> **AIM OF THE EXERCISE**
Each line of the data must be copied exactly.

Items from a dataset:
BEGIN

lemma shoot_continuous:
  assumes "\<forall>j\<le>J. continuous_on UNIV (q j)"
  shows "n \<le> J \<Longrightarrow> continuous_on UNIV (\<lambda>s. fst (shoot q k s n))
                   \<and> continuous_on UNIV (\<lambda>s. snd (shoot q k s n))"
proof (induction n)
  case 0
  then show ?case using assms by (auto intro!: continuous_intros)
next
  case (Suc n)
  then have sum: "continuous_on UNIV (\<lambda>s. fst (shoot q k s n) + snd (shoot q k s n))"
    and incr: "continuous_on UNIV (\<lambda>s. snd (shoot q k s n))"
    by (simp_all add: continuous_on_add)
  have "continuous_on UNIV (\<lambda>s. q (Suc n) (fst (shoot q k s n) + snd (shoot q k s n)))"
    using assms Suc.prems by (intro continuous_on_compose2[OF _ sum]) auto
  then show ?case using sum incr by (auto intro!: continuous_intros)
qed

lemma neumann_problem_solvable:
  assumes "J > 0" "k \<ge> 0" "B \<ge> 0"
    and cont: "\<forall>j\<le>J. continuous_on UNIV (q j)"
    and above: "\<forall>j\<le>J. \<forall>v\<ge>B. q j v \<ge> 0" and below: "\<forall>j\<le>J. \<forall>v\<le>-B. q j v \<le> 0"
  shows "\<exists>u. \<forall>j\<le>J. neumann_lap J u j = k * q j (u j)"
proof -
  have "snd (shoot q k B J) \<ge> 0" using shoot_above[OF above \<open>k \<ge> 0\<close>] by auto
  moreover have "snd (shoot q k (-B) J) \<le> 0" using shoot_below[OF below \<open>k \<ge> 0\<close>] by auto
  moreover have "continuous_on {-B..B} (\<lambda>s. snd (shoot q k s J))"
    using shoot_continuous[OF cont, of J k] continuous_on_subset by blast
  ultimately obtain s where "snd (shoot q k s J) = 0"
    using IVT'[of "\<lambda>s. snd (shoot q k s J)" "-B" 0 B] \<open>B \<ge> 0\<close> by auto
  then show ?thesis using shoot_solves[OF \<open>J > 0\<close>] by blast
qed

lemma implicit_step_exists:
  assumes "dt > 0" "dx > 0" "\<sigma> > 0" "J > 0"
    and dissipative: "\<forall>j\<le>J. \<forall>y. R j y * y \<le> 0" and cont: "\<forall>j\<le>J. continuous_on UNIV (R j)"
  shows "\<exists>u. implicit_step dt dx \<sigma> J R a u"
proof -
  define q where "q = (\<lambda>j v. (v - a j) / dt - R j v)"
  define B where "B = (\<Sum>j\<le>J. \<bar>a j\<bar>) + 1"
  have aB: "\<bar>a j\<bar> + 1 \<le> B" if "j \<le> J" for j
    unfolding B_def using member_le_sum[of j "{..J}" "\<lambda>j. \<bar>a j\<bar>"] that by auto
  have R_sign: "0 < v \<Longrightarrow> R j v \<le> 0" "v < 0 \<Longrightarrow> R j v \<ge> 0" if "j \<le> J" for j v
    using dissipative that by (metis mult_le_0_iff not_le)+
  have "\<exists>u. \<forall>j\<le>J. neumann_lap J u j = (2 * dx\<^sup>2 / \<sigma>\<^sup>2) * q j (u j)"
  proof (rule neumann_problem_solvable[OF \<open>J > 0\<close>])
    show "\<forall>j\<le>J. continuous_on UNIV (q j)"
      unfolding q_def using cont assms(1) by (auto intro!: continuous_intros)
    show "\<forall>j\<le>J. \<forall>v\<ge>B. q j v \<ge> 0"
    proof (intro allI impI)
      fix j v assume "j \<le> J" "B \<le> v"
      then have "0 \<le> v - a j" "0 < v" using aB[of j] by auto
      moreover have "R j v \<le> 0" using R_sign(1)[OF \<open>j \<le> J\<close>] \<open>0 < v\<close> .
      ultimately show "q j v \<ge> 0" unfolding q_def using assms(1)
        by (smt (verit) divide_nonneg_pos)
    qed
    show "\<forall>j\<le>J. \<forall>v\<le>-B. q j v \<le> 0"
    proof (intro allI impI)
      fix j v assume "j \<le> J" "v \<le> -B"
      then have "v - a j \<le> 0" "v < 0" using aB[of j] by auto
      moreover have "R j v \<ge> 0" using R_sign(2)[OF \<open>j \<le> J\<close>] \<open>v < 0\<close> .
      ultimately show "q j v \<le> 0" unfolding q_def using assms(1)
        by (smt (verit) divide_nonpos_pos)
    qed
  qed (auto simp: B_def sum_nonneg add_nonneg_pos)
  then obtain u where "\<forall>j\<le>J. neumann_lap J u j = (2 * dx\<^sup>2 / \<sigma>\<^sup>2) * q j (u j)" by blast
  then have "implicit_step dt dx \<sigma> J R a u"
    unfolding implicit_step_def q_def using assms(2,3) by (auto simp: field_simps)
  then show ?thesis by blast
qed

END

> **ANSWER FOR THE TASK**
lemma shoot_continuous:
  assumes "\<forall>j\<le>J. continuous_on UNIV (q j)"
  shows "n \<le> J \<Longrightarrow> continuous_on UNIV (\<lambda>s. fst (shoot q k s n))
                   \<and> continuous_on UNIV (\<lambda>s. snd (shoot q k s n))"
proof (induction n)
  case 0
  then show ?case using assms by (auto intro!: continuous_intros)
next
  case (Suc n)
  then have sum: "continuous_on UNIV (\<lambda>s. fst (shoot q k s n) + snd (shoot q k s n))"
    and incr: "continuous_on UNIV (\<lambda>s. snd (shoot q k s n))"
    by (simp_all add: continuous_on_add)
  have "continuous_on UNIV (\<lambda>s. q (Suc n) (fst (shoot q k s n) + snd (shoot q k s n)))"
    using assms Suc.prems by (intro continuous_on_compose2[OF _ sum]) auto
  then show ?case using sum incr by (auto intro!: continuous_intros)
qed

lemma neumann_problem_solvable:
  assumes "J > 0" "k \<ge> 0" "B \<ge> 0"
    and cont: "\<forall>j\<le>J. continuous_on UNIV (q j)"
    and above: "\<forall>j\<le>J. \<forall>v\<ge>B. q j v \<ge> 0" and below: "\<forall>j\<le>J. \<forall>v\<le>-B. q j v \<le> 0"
  shows "\<exists>u. \<forall>j\<le>J. neumann_lap J u j = k * q j (u j)"
proof -
  have "snd (shoot q k B J) \<ge> 0" using shoot_above[OF above \<open>k \<ge> 0\<close>] by auto
  moreover have "snd (shoot q k (-B) J) \<le> 0" using shoot_below[OF below \<open>k \<ge> 0\<close>] by auto
  moreover have "continuous_on {-B..B} (\<lambda>s. snd (shoot q k s J))"
    using shoot_continuous[OF cont, of J k] continuous_on_subset by blast
  ultimately obtain s where "snd (shoot q k s J) = 0"
    using IVT'[of "\<lambda>s. snd (shoot q k s J)" "-B" 0 B] \<open>B \<ge> 0\<close> by auto
  then show ?thesis using shoot_solves[OF \<open>J > 0\<close>] by blast
qed

lemma implicit_step_exists:
  assumes "dt > 0" "dx > 0" "\<sigma> > 0" "J > 0"
    and dissipative: "\<forall>j\<le>J. \<forall>y. R j y * y \<le> 0" and cont: "\<forall>j\<le>J. continuous_on UNIV (R j)"
  shows "\<exists>u. implicit_step dt dx \<sigma> J R a u"
proof -
  define q where "q = (\<lambda>j v. (v - a j) / dt - R j v)"
  define B where "B = (\<Sum>j\<le>J. \<bar>a j\<bar>) + 1"
  have aB: "\<bar>a j\<bar> + 1 \<le> B" if "j \<le> J" for j
    unfolding B_def using member_le_sum[of j "{..J}" "\<lambda>j. \<bar>a j\<bar>"] that by auto
  have R_sign: "0 < v \<Longrightarrow> R j v \<le> 0" "v < 0 \<Longrightarrow> R j v \<ge> 0" if "j \<le> J" for j v
    using dissipative that by (metis mult_le_0_iff not_le)+
  have "\<exists>u. \<forall>j\<le>J. neumann_lap J u j = (2 * dx\<^sup>2 / \<sigma>\<^sup>2) * q j (u j)"
  proof (rule neumann_problem_solvable[OF \<open>J > 0\<close>])
    show "\<forall>j\<le>J. continuous_on UNIV (q j)"
      unfolding q_def using cont assms(1) by (auto intro!: continuous_intros)
    show "\<forall>j\<le>J. \<forall>v\<ge>B. q j v \<ge> 0"
    proof (intro allI impI)
      fix j v assume "j \<le> J" "B \<le> v"
      then have "0 \<le> v - a j" "0 < v" using aB[of j] by auto
      moreover have "R j v \<le> 0" using R_sign(1)[OF \<open>j \<le> J\<close>] \<open>0 < v\<close> .
      ultimately show "q j v \<ge> 0" unfolding q_def using assms(1)
        by (smt (verit) divide_nonneg_pos)
    qed
    show "\<forall>j\<le>J. \<forall>v\<le>-B. q j v \<le> 0"
    proof (intro allI impI)
      fix j v assume "j \<le> J" "v \<le> -B"
      then have "v - a j \<le> 0" "v < 0" using aB[of j] by auto
      moreover have "R j v \<ge> 0" using R_sign(2)[OF \<open>j \<le> J\<close>] \<open>v < 0\<close> .
      ultimately show "q j v \<le> 0" unfolding q_def using assms(1)
        by (smt (verit) divide_nonpos_pos)
    qed
  qed (auto simp: B_def sum_nonneg add_nonneg_pos)
  then obtain u where "\<forall>j\<le>J. neumann_lap J u j = (2 * dx\<^sup>2 / \<sigma>\<^sup>2) * q j (u j)" by blast
  then have "implicit_step dt dx \<sigma> J R a u"
    unfolding implicit_step_def q_def using assms(2,3) by (auto simp: field_simps)
  then show ?thesis by blast
qed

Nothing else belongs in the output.